▶ Exercise prompt: Filter the records below and copy every line containing the word "define".

[Stored items from a collection]
[Start of Attachment]

lemma lfilter_join_preimage:
  fixes F :: "'a::distrib_lattice set"
  assumes "lfilter F" "finite A"
  shows "lfilter (join_preimage F A)"
  unfolding lfilter_def upset_def join_preimage_def
proof (intro conjI allI impI; simp only: mem_Collect_eq)
  fix x y
  show "Sup_fin (insert y A) \<in> F" if "Sup_fin (insert x A) \<in> F" "x \<le> y"
    using that Sup_fin_insert_mono[OF assms(2)] upsetD[OF lfilter_upset[OF assms(1)]] by blast
  show "Sup_fin (insert (inf x y) A) \<in> F" if "Sup_fin (insert x A) \<in> F" "Sup_fin (insert y A) \<in> F"
    using that lfilter_infI[OF assms(1)] by (simp add: Sup_fin_insert_inf[OF assms(2)])
qed

lemma subset_join_preimage:
  assumes "upset F" "finite A"
  shows "F \<subseteq> join_preimage F A"
proof
  fix x assume x: "x \<in> F"
  have "x \<le> Sup_fin (insert x A)" using assms(2) by (intro Sup_fin.coboundedI) auto
  then show "x \<in> join_preimage F A"
    using x upsetD[OF assms(1)] unfolding join_preimage_def by blast
qed

lemma lfilter_sup_Inf_fin_inf:
  fixes F :: "'a::distrib_lattice set"
  assumes F: "lfilter F" and B: "finite B" "B \<noteq> {}" and zB: "\<forall>b\<in>B. sup z b \<in> F" and T: "T \<in> F"
  shows "sup (Inf_fin B) (inf z T) \<in> F"
proof -
  have "sup z (Inf_fin B) \<in> F"
    using lfilter_Inf_fin[OF F, of "sup z ` B"] B zB
    by (simp add: Inf_fin.hom_commute[where h = "sup z"] sup_inf_distrib1 image_subset_iff)
  then have "inf (sup z (Inf_fin B)) T \<in> F" using T by (rule lfilter_infI[OF F])
  moreover have "inf (sup z (Inf_fin B)) T \<le> sup (Inf_fin B) (inf z T)"
    by (simp add: sup_inf_distrib1 le_infI1 le_infI2 sup_commute)
  ultimately show ?thesis using upsetD[OF lfilter_upset[OF F]] by blast
qed

subsection \<open>Independent families\<close>

text \<open>The witness \<open>y\<close> stands in for the join of the other members, which does not exist
  (\<open>Sup_fin {}\<close> is arbitrary) for a one-member family.\<close>

definition independent_family :: "'a::lattice set \<Rightarrow> nat set \<Rightarrow> (nat \<Rightarrow> 'a) \<Rightarrow> bool" where
  "independent_family F I t \<longleftrightarrow> finite I \<and> I \<noteq> {} \<and> Sup_fin (t ` I) \<in> F \<and>
     (\<forall>i\<in>I. \<exists>y. y \<notin> F \<and> (\<forall>j\<in>I - {i}. t j \<le> y))"

lemma independent_family_Sup_fin_Diff_notin:
  assumes "upset F" "independent_family F I t" "i \<in> I" "I - {i} \<noteq> {}"
  shows "Sup_fin (t ` (I - {i})) \<notin> F"
proof
  obtain y where y: "y \<notin> F" "\<forall>j\<in>I - {i}. t j \<le> y"
    using assms(2,3) unfolding independent_family_def by blast
  have "Sup_fin (t ` (I - {i})) \<le> y"
    using assms(2,4) y(2) unfolding independent_family_def by (intro Sup_fin.boundedI) auto
  moreover assume "Sup_fin (t ` (I - {i})) \<in> F"
  ultimately show False using y(1) upsetD[OF assms(1)] by blast
qed

lemma independent_family_card_neq:
  assumes n: "n \<ge> 1" and F: "n_prime_filter n F" and ind: "independent_family F I t"
  shows "card I \<noteq> Suc n"
proof
  assume card: "card I = Suc n"
  obtain g where g: "bij_betw g {..n} I"
    using ex_bij_betw_nat_finite[of I] ind card unfolding independent_family_def
    by (auto simp: atLeast0LessThan lessThan_Suc_atMost)
  have "(t \<circ> g) ` {..n} = t ` I"
    using bij_betw_imp_surj_on[OF g] by (metis image_comp)
  then have "Sup_fin ((t \<circ> g) ` {..n}) \<in> F"
    using ind unfolding independent_family_def by simp
  then obtain i where i: "i \<le> n" "Sup_fin ((t \<circ> g) ` ({..n} - {i})) \<in> F"
    using F unfolding n_prime_filter_def by blast
  have "g ` ({..n} - {i}) = I - {g i}"
    using g i(1) unfolding bij_betw_def by (subst inj_on_image_set_diff[of g "{..n}"]) auto
  then have image: "(t \<circ> g) ` ({..n} - {i}) = t ` (I - {g i})"
    by (metis image_comp)
  have gi: "g i \<in> I" using bij_betwE[OF g] i(1) by simp
  then have "card (I - {g i}) = n" using card by (simp add: card.infinite)
  then have "I - {g i} \<noteq> {}" using n by (intro notI) simp
  moreover have "upset F" using F unfolding n_prime_filter_def lfilter_def by simp
  ultimately have "Sup_fin (t ` (I - {g i})) \<notin> F"
    using independent_family_Sup_fin_Diff_notin[OF _ ind gi] by blast
  then show False using i(2) image by simp
qed

lemma ex_maximal_independent_family:
  assumes n: "n \<ge> 1" and F: "n_prime_filter n F" and a: "a \<in> F" and b: "b \<notin> F"
  obtains I t where "independent_family F I t" "card I \<le> n"
    "\<And>I' t'. independent_family F I' t' \<Longrightarrow> card I' \<noteq> Suc (card I)"
proof -
  define M where "M = {card I |I t. independent_family F I t \<and> card I \<le> n}"
  have "independent_family F {0} (\<lambda>_. a)"
    using a b unfolding independent_family_def by auto
  then have "1 \<in> M" using n unfolding M_def by force
  moreover have M: "M \<subseteq> {..n}" unfolding M_def by auto
  ultimately have "Max M \<in> M" by (intro Max_in) (auto intro: finite_subset)
  then obtain I t where ind: "independent_family F I t" "card I \<le> n" "card I = Max M"
    unfolding M_def by auto
  have "card I' \<noteq> Suc (card I)" if ind': "independent_family F I' t'" for I' t'
  proof
    assume card: "card I' = Suc (card I)"
    then have "card I' \<le> n"
      using ind(2) independent_family_card_neq[OF n F ind'] by linarith
    then have "card I' \<in> M" unfolding M_def using ind' by blast
    then have "card I' \<le> Max M" using M by (intro Max_ge) (auto intro: finite_subset)
    then show False using card ind(3) by simp
  qed
  then show thesis using that ind(1,2) by blast
qed

lemma split_independent_family:
  fixes F :: "'a::distrib_lattice set"
  assumes F: "lfilter F" and ind: "independent_family F I t" and i: "i \<in> I"
    and yz: "sup y z \<in> join_preimage F (t ` (I - {i}))"
    and y: "y \<notin> join_preimage F (t ` (I - {i}))" and z: "z \<notin> join_preimage F (t ` (I - {i}))"
  shows "\<exists>I' t'. independent_family F I' t' \<and> card I' = Suc (card I)"
proof -
  define A where "A = t ` (I - {i})"
  have fin: "finite I" using ind unfolding independent_family_def by simp
  then have fA: "finite A" unfolding A_def by simp
  obtain j where j: "j \<notin> I" using ex_new_if_finite[OF infinite_UNIV_nat fin] by blast
  define t' where "t' = t(i := inf (t i) y, j := inf (t i) z)"
  have t'i: "t' i = inf (t i) y" and t'j: "t' j = inf (t i) z" and t'l: "\<And>l. l \<in> I - {i} \<Longrightarrow> t' l = t l"
    using i j unfolding t'_def by auto
  have join: "Sup_fin (t' ` insert j I) \<in> F"
    using ind yz unfolding t'_def Sup_fin_split_image[OF fin i j] independent_family_def join_preimage_def
    by (simp add: lfilter_infI[OF F])
  have upper: "a \<le> Sup_fin (insert x A)" if "a \<in> insert x A" for a x
    using fA that by (intro Sup_fin.coboundedI) auto
  have "\<exists>u. u \<notin> F \<and> (\<forall>l\<in>insert j I - {m}. t' l \<le> u)" if m: "m \<in> insert j I" for m
  proof -
    consider "m = j" | "m = i" | "m \<in> I - {i}" using m by blast
    then show ?thesis
    proof cases
      case 1
      have "t' l \<le> Sup_fin (insert y A)" if "l \<in> insert j I - {m}" for l
      proof (cases "l = i")
        case True then show ?thesis using t'i le_infI2[OF upper[of y y]] by simp
      next
        case False then show ?thesis using that 1 t'l upper unfolding A_def by auto
      qed
      then show ?thesis using y unfolding join_preimage_def A_def by blast
    next
      case 2
      have "t' l \<le> Sup_fin (insert z A)" if "l \<in> insert j I - {m}" for l
      proof (cases "l = j")
        case True then show ?thesis using t'j le_infI2[OF upper[of z z]] by simp
      next
        case False then show ?thesis using that 2 t'l upper unfolding A_def by auto
      qed
      then show ?thesis using z unfolding join_preimage_def A_def by blast
    next
      case 3
      then obtain u where u: "u \<notin> F" "\<forall>l\<in>I - {m}. t l \<le> u"
        using ind unfolding independent_family_def by blast
      have ti: "t i \<le> u" using u 3 i by blast
      have "t' l \<le> u" if "l \<in> insert j I - {m}" for l
        using that u t'i t'j t'l le_infI1[OF ti] by (cases "l = i \<or> l = j") auto
      then show ?thesis using u by blast
    qed
  qed
  then have "independent_family F (insert j I) t'"
    using join fin unfolding independent_family_def by blast
  then show ?thesis using fin j by (intro exI[of _ "insert j I"] exI[of _ t']) simp
qed

lemma extend_independent_family:
  fixes F :: "'a::distrib_lattice set"
  assumes F: "lfilter F" and ind: "independent_family F I t" and two: "2 \<le> card I"
    and z: "z \<notin> F" and zP: "\<forall>l\<in>I. z \<in> join_preimage F (t ` (I - {l}))"
  shows "\<exists>I' t'. independent_family F I' t' \<and> card I' = Suc (card I)"
proof -
  have fin: "finite I" and ne: "I \<noteq> {}" using ind unfolding independent_family_def by auto
  have ne': "I - {l} \<noteq> {}" for l
  proof
    assume "I - {l} = {}"
    then have "card I \<le> card {l}" by (intro card_mono) auto
    then show False using two by simp
  qed
  define s where "s l = Sup_fin (t ` (I - {l}))" for l
  define S where "S = Inf_fin (s ` I)"
  have "sup z (s l) \<in> F" if "l \<in> I" for l
  proof -
    have "Sup_fin (insert z (t ` (I - {l}))) = sup z (s l)"
      using fin ne'[of l] unfolding s_def by (intro Sup_fin.insert) auto
    then show ?thesis using zP[rule_format, OF that] unfolding join_preimage_def by simp
  qed
  then have "sup S (inf z (Sup_fin (t ` I))) \<in> F"
    using ind fin ne unfolding S_def independent_family_def
    by (intro lfilter_sup_Inf_fin_inf[OF F]) auto
  obtain j where j: "j \<notin> I" using ex_new_if_finite[OF infinite_UNIV_nat fin] by blast
  define t' where "t' = (\<lambda>m. inf z (t m))(j := S)"
  have join: "Sup_fin (t' ` insert j I) \<in> F"
    unfolding t'_def Sup_fin_meet_image[OF fin ne j] by fact
  have "\<exists>u. u \<notin> F \<and> (\<forall>l\<in>insert j I - {m}. t' l \<le> u)" if m: "m \<in> insert j I" for m
  proof (cases "m = j")
    case True
    then show ?thesis using z j unfolding t'_def by auto
  next
    case False
    then have "m \<in> I" using m by simp
    have "S \<le> s m" unfolding S_def using fin \<open>m \<in> I\<close> by (intro Inf_fin.coboundedI) auto
    moreover have "t l \<le> s m" if "l \<in> I - {m}" for l
      unfolding s_def using fin that by (intro Sup_fin.coboundedI) auto
    ultimately have "\<forall>l\<in>insert j I - {m}. t' l \<le> s m"
      unfolding t'_def by (auto intro: le_infI2)
    moreover have "s m \<notin> F"
      using independent_family_Sup_fin_Diff_notin[OF lfilter_upset[OF F] ind \<open>m \<in> I\<close> ne']
      unfolding s_def .
    ultimately show ?thesis by blast
  qed
  then have "independent_family F (insert j I) t'"
    using join fin unfolding independent_family_def by blast
  then show ?thesis using fin j by (intro exI[of _ "insert j I"] exI[of _ t']) simp
qed

lemma prime_upset_join_preimage:
  fixes F :: "'a::distrib_lattice set"
  assumes F: "lfilter F" and ind: "independent_family F I t" and i: "i \<in> I"
    and max: "\<And>I' t'. independent_family F I' t' \<Longrightarrow> card I' \<noteq> Suc (card I)"
  shows "prime_upset (join_preimage F (t ` (I - {i})))"
  unfolding prime_upset_def
proof (intro conjI allI impI)
  have "finite (t ` (I - {i}))" using ind unfolding independent_family_def by simp
  then show "upset (join_preimage F (t ` (I - {i})))"
    using lfilter_upset lfilter_join_preimage[OF F] by blast
  fix y z assume "sup y z \<in> join_preimage F (t ` (I - {i}))"
  then show "y \<in> join_preimage F (t ` (I - {i})) \<or> z \<in> join_preimage F (t ` (I - {i}))"
    using split_independent_family[OF F ind i] max by blast
qed

lemma Inter_join_preimage_subset:
  fixes F :: "'a::distrib_lattice set"
  assumes F: "lfilter F" and ind: "independent_family F I t"
    and max: "\<And>I' t'. independent_family F I' t' \<Longrightarrow> card I' \<noteq> Suc (card I)"
  shows "(\<Inter>i\<in>I. join_preimage F (t ` (I - {i}))) \<subseteq> F"
proof
  fix z assume z: "z \<in> (\<Inter>i\<in>I. join_preimage F (t ` (I - {i})))"
  show "z \<in> F"
  proof (cases "2 \<le> card I")
    case True
    then show ?thesis using extend_independent_family[OF F ind True] z max by blast
  next
    case False
    moreover have "card I \<noteq> 0" using ind unfolding independent_family_def by simp
    ultimately obtain i where "I = {i}" by (metis One_nat_def card_1_singletonE less_2_cases not_less)
    then show ?thesis using z unfolding join_preimage_def by simp
  qed
qed

lemma Inter_prime_filters_if_n_prime_filter:
  fixes F :: "'a::distrib_lattice set"
  assumes n: "n \<ge> 1" and F: "n_prime_filter n F"
  shows "\<exists>G. finite G \<and> card G \<le> n \<and> (\<forall>P\<in>G. prime_filter P) \<and> F = \<Inter>G"
proof (cases "F = {}")
  case True
  have "prime_filter {}" unfolding prime_filter_def lfilter_def prime_upset_def upset_def by simp
  then show ?thesis using True n by (intro exI[of _ "{{}}"]) simp
next
  case False
  then obtain a where a: "a \<in> F" by blast
  show ?thesis
  proof (cases "F = UNIV")
    case True
    then show ?thesis by (intro exI[of _ "{}"]) simp
  next
    case False
    then obtain b where b: "b \<notin> F" by blast
    have lf: "lfilter F" using F unfolding n_prime_filter_def by simp
    obtain I t where ind: "independent_family F I t" and card: "card I \<le> n"
      and max: "\<And>I' t'. independent_family F I' t' \<Longrightarrow> card I' \<noteq> Suc (card I)"
      using ex_maximal_independent_family[OF n F a b] by blast
    define P where "P i = join_preimage F (t ` (I - {i}))" for i
    have fin: "finite I" using ind unfolding independent_family_def by simp
    have "prime_filter (P i)" if "i \<in> I" for i
      unfolding prime_filter_def P_def
      using lfilter_join_preimage[OF lf] prime_upset_join_preimage[OF lf ind that max] fin by simp
    moreover have "F = \<Inter>(P ` I)"
    proof
      show "F \<subseteq> \<Inter>(P ` I)"
        unfolding P_def using subset_join_preimage[OF lfilter_upset[OF lf]] fin
        by (simp add: INT_greatest)
      show "\<Inter>(P ` I) \<subseteq> F"
        unfolding P_def using Inter_join_preimage_subset[OF lf ind max] .
    qed
    moreover have "card (P ` I) \<le> n" using card_image_le[OF fin, of P] card by simp
    ultimately show ?thesis using fin by (intro exI[of _ "P ` I"]) blast
  qed
qed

[End of Attachment]

▶ Solution below:
  define M where "M = {card I |I t. independent_family F I t \<and> card I \<le> n}"
  define A where "A = t ` (I - {i})"
  define t' where "t' = t(i := inf (t i) y, j := inf (t i) z)"
  define s where "s l = Sup_fin (t ` (I - {l}))" for l
  define S where "S = Inf_fin (s ` I)"
  define t' where "t' = (\<lambda>m. inf z (t m))(j := S)"
    define P where "P i = join_preimage F (t ` (I - {i}))" for i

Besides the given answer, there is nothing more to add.